The possible values for the “confidence” column are as follow:

TAB files for NLTK

This format allows you to easily import the new languages into the NLTK Wordnet library, and allows you to use NLTK's usual functions with the new languages. NLTK does not allow custom synsets, so this format is missing the synsets we created and the signs linked to them. As per NLTK's requirements, languages are identified by their ISO 639-3 language codes, so, for example, German Sign Language is referred to by the code gsg, rather than its common acronym DGS.
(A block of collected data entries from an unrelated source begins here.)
(* deg(g): degree of the unique multilinear polynomial agreeing with g on {0,1}^N *)
definition deg_bool :: "nat \<Rightarrow> ((nat \<Rightarrow> bool) \<Rightarrow> bool) \<Rightarrow> nat" where
  "deg_bool N g = (THE d. \<exists>c. (\<forall>x\<in>cube N. of_bool (g x) = ml_eval N c x) \<and>
       d = Max (insert 0 {card T | T. T \<subseteq> {1..N} \<and> c T \<noteq> 0}))"

end

theory Submission
  imports Defs
begin

(* For every round r, key k and multiset M, the indicator of the event "D_r stores exactly M
   under k" is, as a function of the input x in {0,1}^N, a polynomial of degree at most S^(2r).
   For D_0 these events are literals x_i or 1 - x_i.  A machine of round r+1 sees transcript h
   iff each of its at most S queries receives the response recorded in h: a product of at most
   S indicators of the previous round.  The contents of key k in D_(r+1) are determined by the
   set Z of (write slot, value) pairs written under k, and |Z| <= S.  Hence [T \<subseteq> Z] is a
   product of at most S write indicators if |T| <= S and vanishes identically otherwise, and
   inclusion-exclusion expresses [Z = T] through the [T' \<subseteq> Z].  So the indicator of
   D_R(ANSWER) = {1} is a 0/1-valued polynomial of degree at most S^(2R) agreeing with g on
   Delta; multilinearising it on the cube bounds deg g when g is total. *)

definition monomial :: "nat \<Rightarrow> (nat \<Rightarrow> nat) \<Rightarrow> (nat \<Rightarrow> real) \<Rightarrow> real" where
  "monomial N \<alpha> y = (\<Prod>i=1..N. y i ^ \<alpha> i)"
(* Let $f\colon\mathbb R^d\to\mathbb R$ be bounded from below with $\underline f=\inf f$, let $\lambda,\sigma,\alpha>0$, and let $(\rho_t)_{t\ge0}$ be a solution of the Fokker–Planck equation, regular enough that the weak formulation may be tested against $x\mapsto x$ and $x\mapsto|x|^2$. Then \[ \frac{d}{dt}V(\rho_t)=-2\lambda V(\rho_t)+\frac{d\sigma^2}{2}\int|x-m_f[\rho_t]|^2d\rho_t\le-\Big(2\lambda-\frac{d\sigma^2e^{-\alpha\underline f}}{\|\omega_f^\alpha\|_{L^1(\rho_t)}}\Big)V(\rho_t). \]
   Context: $\omega_f^\alpha(x)=e^{-\alpha f(x)}$; for a probability measure $\mu$, $\|\omega_f^\alpha\|_{L^1(\mu)}=\int e^{-\alpha f}d\mu$ and $m_f[\mu]=\frac{1}{\|\omega_f^\alpha\|_{L^1(\mu)}}\int x\,\omega_f^\alpha d\mu$. $E(\mu)=\int x\,d\mu$ and $V(\mu)=\frac12\int|x-E(\mu)|^2d\mu$. The Fokker–Planck equation (weak form): for test functions $\varphi$, $\frac{d}{dt}\int\varphi\,d\rho_t=\int\big(\tfrac{\sigma^2}{2}|x-m_f[\rho_t]|^2\Delta\varphi-\lambda(x-m_f[\rho_t])\cdot\nabla\varphi\big)d\rho_t$. *)

theory Defs
  imports "HOL-Probability.Probability"
begin

definition cbo_weight :: "real \<Rightarrow> ('a \<Rightarrow> real) \<Rightarrow> 'a \<Rightarrow> real" where
  "cbo_weight \<alpha> f x = exp (- \<alpha> * f x)"

definition cbo_wnorm :: "real \<Rightarrow> ('a \<Rightarrow> real) \<Rightarrow> 'a measure \<Rightarrow> real" where
  "cbo_wnorm \<alpha> f \<mu> = integral\<^sup>L \<mu> (cbo_weight \<alpha> f)"

definition cbo_m :: "real \<Rightarrow> ('a::euclidean_space \<Rightarrow> real) \<Rightarrow> 'a measure \<Rightarrow> 'a" where
  "cbo_m \<alpha> f \<mu> = (1 / cbo_wnorm \<alpha> f \<mu>) *\<^sub>R integral\<^sup>L \<mu> (\<lambda>x. cbo_weight \<alpha> f x *\<^sub>R x)"
(* For every $n\ge1$, the map $\pi:\widehat{\mathcal{T}}_n\to\widehat{\mathcal{T}}_n$ is a bijection.
   Context: A plane binary tree is a finite rooted tree in which every vertex is either an endpoint (a leaf, with no children) or has exactly two children, an ordered left child and right child. Every non-root vertex is thus either a left descendent or a right descendent of its parent. The endpoints are ordered from left to right in the planar order. $\mathcal{T}_n$ denotes the set of plane binary trees with exactly $n+2$ endpoints. A last branching vertex of a plane binary tree is a non-endpoint vertex both of whose children are endpoints. For $n\ge1$ the root is never a last branching vertex. A marked tree is a pair $(T,v)$ with $T\in\mathcal{T}_n$ and $v$ a last branching vertex of $T$. The set of marked trees is $\widehat{\mathcal{T}}_n$. Definition of $\pi$. Let $(T,v)\in\widehat{\mathcal{T}}_n$, and let $a$ and $b$ be the left and right children of $v$ (both endpoints). Case 1: $v$ is a right child. - Delete the endpoint $a$ together with the edge $va$. The vertex $v$ and its remaining child $b$ are merged into a single endpoint, sitting at $v$'s position; this endpoint is a right child. The result is a tree with $n+1$ endpoints. - If $b$ was not the rightmost endpoint of $T$: let $L$ be the first endpoint to the right of this new endpoint that is a right child. Replace $L$ by a new internal vertex $w$ (still a right child, in $L$'s place) with two new endpoint children. - If $b$ was the rightmost endpoint of $T$: let $L$ be the rightmost endpoint of the reduced tree that is a left child. Replace $L$ by a new internal vertex $w$ (a left child, in $L$'s place) with two new endpoint children. - In either sub-case, $\pi(T,v)=(T',w)$, where $T'$ is the resulting tree and the mark is on $w$. Case 2: $v$ is a left child. Apply the mirror image of Case 1, exchanging left and right everywhere. - Delete $b$ and the edge $vb$, merging $v$ and $a$ into a single endpoint, which is a left child. - If $a$ was not the leftmost endpoint of $T$, graft a cherry (an internal vertex $w$ with two new endpoint children) onto the first left-child endpoint to its left. - Otherwise, graft the cherry onto the leftmost endpoint that is a right child. - Mark the new vertex $w$. *)

theory Defs
  imports Main
begin

text \<open>Vertices are addressed by their path from the root:
  a list of directions, False = go to the left child, True = go to the right child.\<close>

datatype ptree = Leaf | Node ptree ptree

fun leaves :: "ptree \<Rightarrow> bool list list" where
  "leaves Leaf = [[]]"
| "leaves (Node l r) = map (Cons False) (leaves l) @ map (Cons True) (leaves r)"

fun subtree_at :: "ptree \<Rightarrow> bool list \<Rightarrow> ptree option" where
  "subtree_at t [] = Some t"
| "subtree_at Leaf (_ # _) = None"
| "subtree_at (Node l r) (b # p) = subtree_at (if b then r else l) p"

fun replace_at :: "ptree \<Rightarrow> bool list \<Rightarrow> ptree \<Rightarrow> ptree" where
  "replace_at t [] s = s"
| "replace_at Leaf (_ # _) s = Leaf"
| "replace_at (Node l r) (b # p) s =
     (if b then Node l (replace_at r p s) else Node (replace_at l p s) r)"

definition is_right_child :: "bool list \<Rightarrow> bool" where
  "is_right_child u \<longleftrightarrow> u \<noteq> [] \<and> last u"

definition is_left_child :: "bool list \<Rightarrow> bool" where
  "is_left_child u \<longleftrightarrow> u \<noteq> [] \<and> \<not> last u"

definition trees :: "nat \<Rightarrow> ptree set" where
  "trees n = {T. length (leaves T) = n + 2}"

definition last_branching :: "ptree \<Rightarrow> bool list \<Rightarrow> bool" where
  "last_branching T v \<longleftrightarrow> subtree_at T v = Some (Node Leaf Leaf)"

definition marked :: "nat \<Rightarrow> (ptree \<times> bool list) set" where
  "marked n = {(T, v). T \<in> trees n \<and> last_branching T v}"

text \<open>After deleting a child of v, v becomes an endpoint of the
  reduced tree T0 (at the same address).\<close>
definition pi_map :: "ptree \<times> bool list \<Rightarrow> ptree \<times> bool list" where
  "pi_map Tv = (case Tv of (T, v) \<Rightarrow>
     (let T0 = replace_at T v Leaf;
          ls = leaves T0;
          before = takeWhile (\<lambda>u. u \<noteq> v) ls;
          after = tl (dropWhile (\<lambda>u. u \<noteq> v) ls);
          L = (if is_right_child v then
                 (if after \<noteq> [] then hd (filter is_right_child after)
                  else last (filter is_left_child ls))
               else
                 (if before \<noteq> [] then last (filter is_left_child before)
                  else hd (filter is_right_child ls)))
      in (replace_at T0 L (Node Leaf Leaf), L)))"
lemma fourier_bessel_inequality:
  fixes G :: "('g, 'b) monoid_scheme"
  assumes G: "group G" and fin: "finite (carrier G)" and R: "complete_irreps G R" and finR: "finite R"
  shows "(\<Sum>(d,\<rho>)\<in>R. real d * (hs_norm (fourier G f d \<rho>))\<^sup>2)
    \<le> real (card (carrier G)) * (\<Sum>g\<in>carrier G. (cmod (f g))\<^sup>2)"
proof -
  define n where "n = real (card (carrier G))"
  have n: "n > 0"
    unfolding n_def using subgroup.finite_imp_card_positive[OF group.subgroup_self[OF G] fin] by simp
  (* Bessel for the conjugated matrix coefficients, whose squared norms are |G| / d. *)
  define I where "I = Sigma R (\<lambda>k. {..<fst k} \<times> {..<fst k})"
  define \<phi> where "\<phi> a g = cnj (snd (fst a) g $$ snd a)"
    for a :: "(nat \<times> ('g \<Rightarrow> complex mat)) \<times> nat \<times> nat" and g
  define c where "c a = n / real (fst (fst a))" for a :: "(nat \<times> ('g \<Rightarrow> complex mat)) \<times> nat \<times> nat"
  have "(\<Sum>a\<in>I. (cmod (\<Sum>g\<in>carrier G. f g * cnj (\<phi> a g)))\<^sup>2 / c a) \<le> (\<Sum>g\<in>carrier G. (cmod (f g))\<^sup>2)"
  proof (rule bessel_inequality)
    show "finite I"
      unfolding I_def using finR by (intro finite_SigmaI) auto
  next
    fix a b assume "a \<in> I" "b \<in> I"
    then obtain d \<rho> i j e \<sigma> k l where ab: "a = ((d,\<rho>),(i,j))" "b = ((e,\<sigma>),(k,l))"
      and mem: "(d,\<rho>) \<in> R" "(e,\<sigma>) \<in> R" and ijkl: "i < d" "j < d" "k < e" "l < e"
      unfolding I_def by auto
    have "(\<Sum>g\<in>carrier G. \<phi> a g * cnj (\<phi> b g)) = cnj (\<Sum>g\<in>carrier G. \<rho> g $$ (i,j) * cnj (\<sigma> g $$ (k,l)))"
      unfolding ab \<phi>_def by simp
    also have "\<dots> = (if a = b then complex_of_real (c a) else 0)"
      unfolding complete_irreps_orthogonality[OF G R mem ijkl] ab c_def n_def by auto
    finally show "(\<Sum>g\<in>carrier G. \<phi> a g * cnj (\<phi> b g)) = (if a = b then complex_of_real (c a) else 0)" .
  next
    fix a assume "a \<in> I"
    thus "c a > 0"
      unfolding I_def c_def using n by auto
  qed
  also have "(\<Sum>a\<in>I. (cmod (\<Sum>g\<in>carrier G. f g * cnj (\<phi> a g)))\<^sup>2 / c a) =
      (\<Sum>(k,i,j)\<in>I. real (fst k) / n * (cmod (fourier G f (fst k) (snd k) $$ (i,j)))\<^sup>2)"
    by (intro sum.cong refl) (auto simp: I_def \<phi>_def c_def index_fourier)
  also have "\<dots> = (\<Sum>k\<in>R. real (fst k) / n * (hs_norm (fourier G f (fst k) (snd k)))\<^sup>2)"
    unfolding I_def
    by (rule sum_Sigma_cmod_square_hs_norm[where n=fst and M="\<lambda>k. fourier G f (fst k) (snd k)",
          OF finR fourier_carrier])
  also have "\<dots> = (\<Sum>(d,\<rho>)\<in>R. real d * (hs_norm (fourier G f d \<rho>))\<^sup>2) / n"
    by (simp add: sum_divide_distrib case_prod_unfold)
  finally show ?thesis
    using n unfolding n_def by (simp add: pos_divide_le_eq mult.commute)
qed

lemma index_fourier_indicator:
  assumes fin: "finite (carrier G)" and HG: "H \<subseteq> carrier G" and i: "i < d" and j: "j < d"
  shows "fourier G (\<lambda>g. if g \<in> H then 1 else 0) d \<rho> $$ (i,j) = (\<Sum>h\<in>H. \<rho> h $$ (i,j))"
proof -
  have "fourier G (\<lambda>g. if g \<in> H then 1 else 0) d \<rho> $$ (i,j) = (\<Sum>g\<in>carrier G. if g \<in> H then \<rho> g $$ (i,j) else 0)"
    by (auto simp: index_fourier[OF i j] intro: sum.cong)
  also have "\<dots> = (\<Sum>h\<in>H. \<rho> h $$ (i,j))"
    using fin HG by (simp add: sum.inter_restrict[symmetric] Int_absorb1)
  finally show ?thesis .
qed

lemma fourier_subgroup_indicator_mult_self:
  fixes G (structure)
  assumes G: "group G" and fin: "finite (carrier G)" and H: "subgroup H G" and \<rho>: "unitary_rep G d \<rho>"
  defines "F \<equiv> fourier G (\<lambda>g. if g \<in> H then 1 else 0) d \<rho>"
  shows "F * F = of_nat (card H) \<cdot>\<^sub>m F"
proof (rule eq_matI)
  interpret group G by fact
  have HG: "H \<subseteq> carrier G"
    using H by (rule subgroup.subset)
  have \<rho>H: "\<rho> h \<in> carrier_mat d d" if "h \<in> H" for h
    using unitary_rep_carrier[OF \<rho>] HG that by auto
  fix i j assume "i < dim_row (of_nat (card H) \<cdot>\<^sub>m F)" "j < dim_col (of_nat (card H) \<cdot>\<^sub>m F)"
  hence i: "i < d" and j: "j < d"
    unfolding F_def by simp_all
  have "(F * F) $$ (i,j) = (\<Sum>k<d. (\<Sum>h\<in>H. \<rho> h $$ (i,k)) * (\<Sum>h'\<in>H. \<rho> h' $$ (k,j)))"
    unfolding F_def index_mult_mat_sum[OF fourier_carrier fourier_carrier i j]
    by (intro sum.cong refl) (simp add: index_fourier_indicator[OF fin HG] i j)
  also have "\<dots> = (\<Sum>h\<in>H. \<Sum>h'\<in>H. \<Sum>k<d. \<rho> h $$ (i,k) * \<rho> h' $$ (k,j))"
    by (simp add: sum_product sum.swap[of _ "{..<d}"])
  also have "\<dots> = (\<Sum>h\<in>H. \<Sum>h'\<in>H. (\<rho> h * \<rho> h') $$ (i,j))"
    by (intro sum.cong refl) (simp add: index_mult_mat_sum[OF \<rho>H \<rho>H i j] del: index_mult_mat)
  also have "\<dots> = (\<Sum>h\<in>H. \<Sum>h'\<in>H. \<rho> (h \<otimes> h') $$ (i,j))"
    by (intro sum.cong refl) (simp add: unitary_rep_mult[OF \<rho>] subgroup.mem_carrier[OF H])
  also have "\<dots> = (\<Sum>h\<in>H. \<Sum>h'\<in>H. \<rho> h' $$ (i,j))"
    by (intro sum.cong refl sum_subgroup_left_translate[OF G H])
  also have "\<dots> = (of_nat (card H) \<cdot>\<^sub>m F) $$ (i,j)"
    unfolding F_def using i j fin HG by (simp add: index_fourier_indicator)
  finally show "(F * F) $$ (i,j) = (of_nat (card H) \<cdot>\<^sub>m F) $$ (i,j)" .
qed (simp_all add: F_def)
For each language we provide three different formats for textually representing signs as wordnet lemmas: By the type ID used in our resource, by their gloss/keywords, or by their video URL. Note that the video URL format only contains entries for which such a URL is available.

Lang. ISO Lemma is Type ID Lemma is Gloss/keyword Lemma is Video URL
BSL bfi sign_wordnet_video_bfi.tab sign_wordnet_gloss_bfi.tab sign_wordnet_video_bfi.tab
DGS gsg sign_wordnet_video_gsg.tab sign_wordnet_gloss_gsg.tab sign_wordnet_video_gsg.tab
DSGS sgg sign_wordnet_video_sgg.tab sign_wordnet_gloss_sgg.tab sign_wordnet_video_sgg.tab
GSL gss sign_wordnet_video_gss.tab sign_wordnet_gloss_gss.tab sign_wordnet_video_gss.tab
LSF fsl sign_wordnet_video_fsl.tab sign_wordnet_gloss_fsl.tab sign_wordnet_video_fsl.tab
NGT dse sign_wordnet_video_dse.tab sign_wordnet_gloss_dse.tab sign_wordnet_video_dse.tab
PJM pso sign_wordnet_video_pso.tab sign_wordnet_gloss_pso.tab sign_wordnet_video_pso.tab
STS swl sign_wordnet_video_swl.tab sign_wordnet_gloss_swl.tab sign_wordnet_video_swl.tab

Usage examples

Using the NGT sign videos in NLTK:

from nltk.corpus import wordnet as wn
with open("sign_wordnet_video_dse.tab",mode="r",encoding="utf-8") as f:
  wn.custom_lemmas(f,"dse")
wn.synset_from_pos_and_offset("n",2129165).lemma_names("dse")
>>>> ['https://signbank.cls.ru.nl/dictionary/protected_media/glossvideo/NGT/LE/LEEUW-B-22.mp4', 'https://signbank.cls.ru.nl/dictionary/protected_media/glossvideo/NGT/LE/LEEUW-A-1759.mp4']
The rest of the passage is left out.